Without another word, she hurried up the staircase and disappeared down the corridor. A moment later, Marcus heard her bedchamber door slam with enough force to startle the very proper butler into an expression of alarm.

Chapter Eleven

How does a woman keep her heart safe?

– Arabella to Fanny

His own mood fierce, Marcus went directly to the study, where he poured himself a generous brandy in order to calm down.

He could understand Arabella’s dismay at learning of his past relationship with his former mistress. After her bitter experience with her libertine father and adulterous mother, fidelity in marriage was a monumental issue for her. But he intended to remain faithful to her once they were wed, and the fact that she doubted his word rankled badly.

It was, however, her vow to take other lovers after they married that enraged him. The thought of Arabella with another lover made Marcus see red.

Gulping a long, burning swallow of brandy, he forced himself to contain his ire. Arabella was not the kind of woman to forswear her marriage vows, and he was far too possessive to ever allow her to. He would keep her so busy in his own bed that she would never even think about wanting another lover.

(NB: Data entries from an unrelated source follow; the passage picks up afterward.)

theorem theorem2p2:
  fixes t :: nat and bw :: "nat \<Rightarrow> nat" and v :: "nat \<Rightarrow> real"
  assumes bpos: "\<forall>i\<in>{1..t+1}. bw i > 0"
    and vnz: "nonzero_vec t v"
    and vsum: "(\<Sum>i=1..t+1. v i * real (bw i)) = 0"
    and pos: "\<exists>G\<in>cone t. nonzero_vec t G \<and> mu t bw v G > 0"
  shows "Gamma_v t bw v \<in> cone t \<and> nonzero_vec t (Gamma_v t bw v) \<and>
         (\<forall>G\<in>cone t. nonzero_vec t G \<longrightarrow> mu t bw v G \<le> mu t bw v (Gamma_v t bw v))"
proof -
  let ?G = "Gamma_v t bw v"
  have ws_last: "ws bw v (t+1) = 0"
    unfolding ws_def using vsum by (simp add: mult.commute)
  have nz: "nonzero_vec t ?G"
  proof (rule ccontr)
    obtain x where x: "x \<in> cone t" "mu t bw v x > 0"
      using pos by auto
    assume "\<not> nonzero_vec t ?G"
    then have "ip t bw x ?G = 0"
      unfolding nonzero_vec_def ip_def by simp
    then have "ip t bw x v \<le> 0"
      using ip_le_ip_Gamma_v[OF bpos ws_last x(1)] by simp
    then have "mu t bw v x \<le> 0"
      unfolding mu_def wnorm_def by (intro divide_nonpos_nonneg) (simp_all add: ip_self_nonneg)
    with x(2) show False
      by simp
  qed
  show ?thesis
    using Gamma_v_in_cone[OF bpos] nz mu_le_mu_if_dominating[OF bpos _ nz]
      ip_le_ip_Gamma_v[OF bpos ws_last] ip_Gamma_v_v[OF bpos ws_last]
    by blast
qed

end
lemma norm01_upper:
  assumes "continuous_on {0..1} g" "x \<in> {0..1}"
  shows "\<bar>g x\<bar> \<le> norm01 g"
proof -
  obtain B where "\<forall>x\<in>{0..1::real}. \<bar>g x\<bar> \<le> B"
    using continuous_on_01_abs_bounded[OF assms(1)] by blast
  then have "bdd_above ((\<lambda>x. \<bar>g x\<bar>) ` {0..1})" by (intro bdd_aboveI2) auto
  then show ?thesis unfolding norm01_def using assms(2) by (intro cSUP_upper) auto
qed

lemma norm01_nonneg: "continuous_on {0..1} g \<Longrightarrow> 0 \<le> norm01 g"
  using norm01_upper[of g 0] by simp

lemma norm01_least: "(\<forall>x\<in>{0..1}. \<bar>g x\<bar> \<le> K) \<Longrightarrow> norm01 g \<le> K"
  unfolding norm01_def by (intro cSUP_least) auto

lemma norm01_cong: "(\<forall>x\<in>{0..1}. g x = h x) \<Longrightarrow> norm01 g = norm01 h"
  unfolding norm01_def by (intro SUP_cong) auto

lemma modcont_upper:
  assumes f: "continuous_on {0..1} f" and "\<delta> > 0" "x \<in> {0..1}" "y \<in> {0..1}" "\<bar>x - y\<bar> \<le> \<delta>"
  shows "\<bar>f x - f y\<bar> \<le> modcont f \<delta>"
proof -
  obtain B where B: "\<forall>x\<in>{0..1::real}. \<bar>f x\<bar> \<le> B"
    using continuous_on_01_abs_bounded[OF f] by blast
  have "bdd_above {\<bar>f x - f y\<bar> | x y. x \<in> {0..1} \<and> y \<in> {0..1} \<and> \<bar>x - y\<bar> \<le> \<delta>}"
  proof (rule bdd_aboveI)
    fix z assume "z \<in> {\<bar>f x - f y\<bar> | x y. x \<in> {0..1} \<and> y \<in> {0..1} \<and> \<bar>x - y\<bar> \<le> \<delta>}"
    then obtain x y where "z = \<bar>f x - f y\<bar>" "\<bar>f x\<bar> \<le> B" "\<bar>f y\<bar> \<le> B" using B by blast
    then show "z \<le> 2 * B" by linarith
  qed
  then show ?thesis unfolding modcont_def using assms by (auto intro!: cSup_upper)
qed

lemma modcont_least:
  assumes "\<delta> > 0" "\<forall>x\<in>{0..1}. \<forall>y\<in>{0..1}. \<bar>x - y\<bar> \<le> \<delta> \<longrightarrow> \<bar>f x - f y\<bar> \<le> K"
  shows "modcont f \<delta> \<le> K"
proof -
  have "\<bar>f 0 - f 0\<bar> \<in> {\<bar>f x - f y\<bar> | x y. x \<in> {0..1} \<and> y \<in> {0..1} \<and> \<bar>x - y\<bar> \<le> \<delta>}"
    using assms(1) by force
  then show ?thesis unfolding modcont_def using assms by (auto intro!: cSup_least)
qed

lemma modcont_nonneg:
  assumes "continuous_on {0..1} f" "\<delta> \<ge> 0"
  shows "0 \<le> modcont f \<delta>"
proof (cases "\<delta> = 0")
  case False
  then show ?thesis using modcont_upper[OF assms(1), of \<delta> 0 0] assms(2) by simp
qed (simp add: modcont_def)

lemma modcont_tends_to_zero:
  assumes f: "continuous_on {0..1} f" and "\<epsilon> > 0"
  obtains \<delta> where "\<delta> > 0" "modcont f \<delta> \<le> \<epsilon>"
proof -
  have "uniformly_continuous_on {0..1} f"
    using f compact_uniformly_continuous by blast
  then obtain d where d: "d > 0"
    "\<And>x y. x \<in> {0..1} \<Longrightarrow> y \<in> {0..1} \<Longrightarrow> dist y x < d \<Longrightarrow> dist (f y) (f x) < \<epsilon>"
    unfolding uniformly_continuous_on_def using \<open>\<epsilon> > 0\<close> by metis
  have "modcont f (d / 2) \<le> \<epsilon>"
    using d by (intro modcont_least) (auto simp: dist_real_def less_imp_le)
  then show thesis using d(1) by (intro that[of "d / 2"]) auto
qed

lemma modcont_telescope:
  assumes f: "continuous_on {0..1} f" and \<delta>: "\<delta> > 0" and s: "s \<in> {0..1}" and t: "t \<in> {0..1}"
    and n: "n \<ge> 1" and dist: "\<bar>t - s\<bar> \<le> real n * \<delta>"
  shows "f t - f s \<le> real n * modcont f \<delta>"
proof -
  define p where "p = (\<lambda>i::nat. (1 - real i / real n) * s + (real i / real n) * t)"
  have p_in: "p i \<in> {0..1}" if "i \<le> n" for i
  proof -
    have "0 \<le> real i / real n" "real i / real n \<le> 1" using that n by auto
    then show ?thesis
      using s t unfolding p_def by (auto intro!: convex_bound_le simp del: times_divide_eq_left)
  qed
  have p_step: "p (Suc i) - p i = (t - s) / real n" for i
    unfolding p_def using n by (simp add: field_simps)
  have "f t - f s = (\<Sum>i<n. f (p (Suc i)) - f (p i))"
    using sum_lessThan_telescope[of "\<lambda>i. f (p i)" n] n unfolding p_def by simp
  also have "\<dots> \<le> (\<Sum>i<n. modcont f \<delta>)"
  proof (rule sum_mono)
    fix i assume "i \<in> {..<n}"
    moreover have "\<bar>p (Suc i) - p i\<bar> \<le> \<delta>"
      using dist n unfolding p_step by (simp add: abs_div divide_le_eq mult.commute)
    ultimately have "\<bar>f (p (Suc i)) - f (p i)\<bar> \<le> modcont f \<delta>"
      by (intro modcont_upper[OF f \<delta> p_in p_in]) auto
    then show "f (p (Suc i)) - f (p i) \<le> modcont f \<delta>" by simp
  qed
  finally show ?thesis by simp
qed
(* Let $\mathcal{R}=(\Sigma,V,\geq_s,\Delta)$ be the term rewriting system described in the context, let $\tau\in T[\Sigma,V]$, and let $\lambda$ be a mapping assigning to each affine symbol $f$ its affine constant $\lambda(f)$ (used as $c$ in rules R12, R13). Then the procedure TermNorm$(\mathcal{R},\tau,\lambda)$ described in the context returns a normal form $\tau'$ of $\tau$ (i.e. $\tau$ rewrites to $\tau'$ and no rule of $\Delta$ applies to $\tau'$).
   Context: $\mathbb{F}=\mathbb{GF}(2^n)$. Signature $\Sigma=\mathbb{F}\cup\{\oplus,\otimes,f_1,\dots,f_t\}$: elements of $\mathbb{F}$ are constants, $\oplus,\otimes$ binary (field addition and multiplication), $f_1,\dots,f_t$ unary symbols for affine transformations. $V$ is a set of variables, $\Sigma\cap V=\emptyset$, $\geq_s$ a total order on $V\uplus\Sigma$. Terms $T[\Sigma,V]$: smallest set containing $\mathbb{F}\cup V$ and closed under $\oplus$, $\otimes$, $f_j$; $T_{\backslash\oplus}(\Sigma,V)$ = terms not using $\oplus$. A factor is a term in $\mathbb{F}\cup V$ or of the form $f_i(\tau')$ with $\tau'\in T_{\backslash\oplus}(\Sigma,V)$; a monomial is a product $\alpha_1\otimes\cdots\otimes\alpha_k$ ($k\ge1$) of nonzero factors; a polynomial is a sum of monomials (sums and products treated as flat sequences). Factor order $\geq_l$: $\alpha\geq_l\alpha'$ iff (i) $\alpha,\alpha'\in\mathbb{F}\cup V$ and $\alpha\geq_s\alpha'$; or (ii) $\alpha=f(\tau)$, $\alpha'=f'(\tau')$ with $f\geq_s f'$, or $f=f'$ and $\tau\geq_p\tau'$; or (iii) $\alpha=f(\tau)$ and $f\geq_s\alpha'$, or $\alpha'=f(\tau)$ and $\alpha\geq_s f$. Monomial order $\geq_p$: lexicographic comparison (w.r.t. $\geq_l$) of the factor sequences sorted in descending $\geq_l$-order. Rules $\Delta$ (with $\tau,\tau_1,\tau_2$ terms, $m_i$ monomials, $\alpha_i$ factors, $f$ an affine symbol with constant $c=\lambda(f)$): R1: $m_1\oplus\cdots\oplus m_k\mapsto m'_1\oplus\cdots\oplus m'_k$ where $(m'_1,\dots,m'_k)={\tt sort}_{\geq_p}(m_1,\dots,m_k)\neq(m_1,\dots,m_k)$; R2: $\alpha_1\cdots\alpha_k\mapsto\alpha'_1\cdots\alpha'_k$ where $(\alpha'_1,\dots,\alpha'_k)={\tt sort}_{\geq_l}(\alpha_1,\dots,\alpha_k)\neq(\alpha_1,\dots,\alpha_k)$; R3: $\tau\oplus\tau\mapsto0$; R4: $\tau\otimes0\mapsto0$; R5: $0\otimes\tau\mapsto0$; R6: $\tau\oplus0\mapsto\tau$; R7: $0\oplus\tau\mapsto\tau$; R8: $\tau\otimes1\mapsto\tau$; R9: $1\otimes\tau\mapsto\tau$; R10: $(\tau_1\oplus\tau_2)\otimes\tau\mapsto(\tau_1\otimes\tau)\oplus(\tau_2\otimes\tau)$; R11: $\tau\otimes(\tau_1\oplus\tau_2)\mapsto(\tau\otimes\tau_1)\oplus(\tau\otimes\tau_2)$; R12: $f(\tau_1\oplus\tau_2)\mapsto f(\tau_1)\oplus f(\tau_2)\oplus c$; R13: $f(0)\mapsto c$. A rewriting step replaces one occurrence of a subterm matching a left-hand side. Procedure TermNorm$(\mathcal{R},\tau,\lambda)$: (1) rewrite $\tau$ by iteratively applying rules R3–R13 until no more change; (2) sort the result by iteratively applying rule R2 (recursively, from innermost subterms); (3) sort the result by iteratively applying rule R1; (4) rewrite the result by iteratively applying rules R3, R6, R7 until no more change; (5) return the resulting term $\tau'$. *)

theory Defs
  imports Main "HOL-Library.Cardinality"
begin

Meanwhile, though, his campaign to win her had suffered a serious setback. He would have to intensify his efforts, Marcus knew.

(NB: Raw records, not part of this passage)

(* The reflected initial segment avoids p_mid, so reflect W first visits p_mid at index
   hitting_time W - 1. *)
lemma reflect_hitting_time_mono:
  assumes "W \<in> off_path_walks l (ps ! 0)" "W' \<in> off_path_walks l (ps ! 0)"
    and "reflect W = reflect W'"
  shows "hitting_time W \<le> hitting_time W'"
proof (rule ccontr)
  assume "\<not> ?thesis"
  then have lt: "hitting_time W' < hitting_time W" by simp
  define i where "i = hitting_time W' - 1"
  have i: "Suc i = hitting_time W'" using hitting_time(3)[OF assms(2)] by (simp add: i_def)
  have "Suc i < length W'" "Suc i < length W" using hitting_time(1) assms(1,2) lt i by fastforce+
  then have "reflect W' ! i = ps ! mid"
    using nth_reflect_from_hitting_time[OF assms(2)] hitting_time(2)[OF assms(2)] i by simp
  moreover obtain j where j: "j < mid" "W ! Suc i = ps ! j"
    using before_hitting_time(1)[OF assms(1)] lt i by force
  then have "reflect W ! i = mirror (ps ! j)" using nth_reflect \<open>Suc i < length W\<close> lt i by simp
  ultimately have "mirror (ps ! j) = mirror (ps ! mid)" using assms(3) mirror_mid by simp
  then show False using mirror_inj[of j mid] j(1) mid_le_k by simp
qed

lemma inj_on_reflect: "inj_on reflect (off_path_walks l (ps ! 0))"
proof (rule inj_onI)
  fix W W' assume W: "W \<in> off_path_walks l (ps ! 0)" and W': "W' \<in> off_path_walks l (ps ! 0)"
    and eq: "reflect W = reflect W'"
  have t: "hitting_time W = hitting_time W'"
    using reflect_hitting_time_mono[OF W W' eq] reflect_hitting_time_mono[OF W' W eq[symmetric]]
    by simp
  have len: "length W = Suc l" "length W' = Suc l" using W W' by (auto simp: walks_from_def)
  show "W = W'"
  proof (rule nth_equalityI)
    show "length W = length W'" using len by simp
    fix n assume "n < length W"
    show "W ! n = W' ! n"
    proof (cases n)
      case 0
      then show ?thesis using W W' by (cases W; cases W') (auto simp: walks_from_def is_walk_def)
    next
      case (Suc i)
      have same: "reflect W ! i = reflect W' ! i" using eq by simp
      show ?thesis
      proof (cases "n \<le> hitting_time W")
        case True
        obtain j where j: "j \<le> mid" "W ! n = ps ! j" using up_to_hitting_time[OF W True] by blast
        obtain j' where j': "j' \<le> mid" "W' ! n = ps ! j'"
          using up_to_hitting_time[OF W'] True t by auto
        have "mirror (ps ! j) = mirror (ps ! j')"
          using same nth_reflect[of i W] nth_reflect[of i W'] True t j j' Suc \<open>n < length W\<close> len
          by simp
        then have "j = j'" using mirror_inj j(1) j'(1) mid_le_k by simp
        then show ?thesis using j(2) j'(2) by simp
      next
        case False
        then show ?thesis
          using same nth_reflect[of i W] nth_reflect[of i W'] t Suc \<open>n < length W\<close> len by simp
      qed
    qed
  qed
qed

lemma card_off_path_walks_le:
  assumes "1 \<le> l"
  shows "card (off_path_walks l (ps ! 0)) \<le> card (off_path_walks (l - 1) (ps ! k))"
proof (rule card_inj_on_le[OF inj_on_reflect])
  show "reflect ` off_path_walks l (ps ! 0) \<subseteq> off_path_walks (l - 1) (ps ! k)"
  proof
    fix R assume "R \<in> reflect ` off_path_walks l (ps ! 0)"
    then obtain W where W: "W \<in> off_path_walks l (ps ! 0)" "R = reflect W" by blast
    have "length (reflect W) = Suc (l - 1)" using W(1) assms by (auto simp: length_reflect walks_from_def)
    then show "R \<in> off_path_walks (l - 1) (ps ! k)"
      using reflect_walk[OF W(1) assms] hd_reflect[OF W(1) assms] reflect_off_path[OF W(1)] W(2)
      by (simp add: walks_from_def)
  qed
  show "finite (off_path_walks (l - 1) (ps ! k))" using finite_walks_from[OF finite_BP] by blast
qed

end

Even so, he could be more tolerant of Arabella’s perspective. Her loathing of convenient marriages was based on fear. She was afraid of being hurt again, of being betrayed by a fickle suitor, of making herself too vulnerable to the pain and misery married couples could cause each other. He would have to show her that a union between them would be far, far different than her fatalistic expectations.

He wanted Arabella, had wanted her from the very first, and he would have her. As his countess, his wife, his lover.

Vowing not to be deterred, Marcus drained the last of his brandy and made his way upstairs to his bedchamber. The house was silent since the servants were long abed, but a wall sconce in the corridor had been left alight for his convenience, and so had a lamp in his room.

He shrugged out of his evening clothes, leaving them draped over a chair in his dressing room for his valet to care for in the morning. Not bothering to don a nightshirt since the spring night was only pleasantly cool, Marcus returned to his bedchamber and strode over to the bed, only to come to an abrupt halt.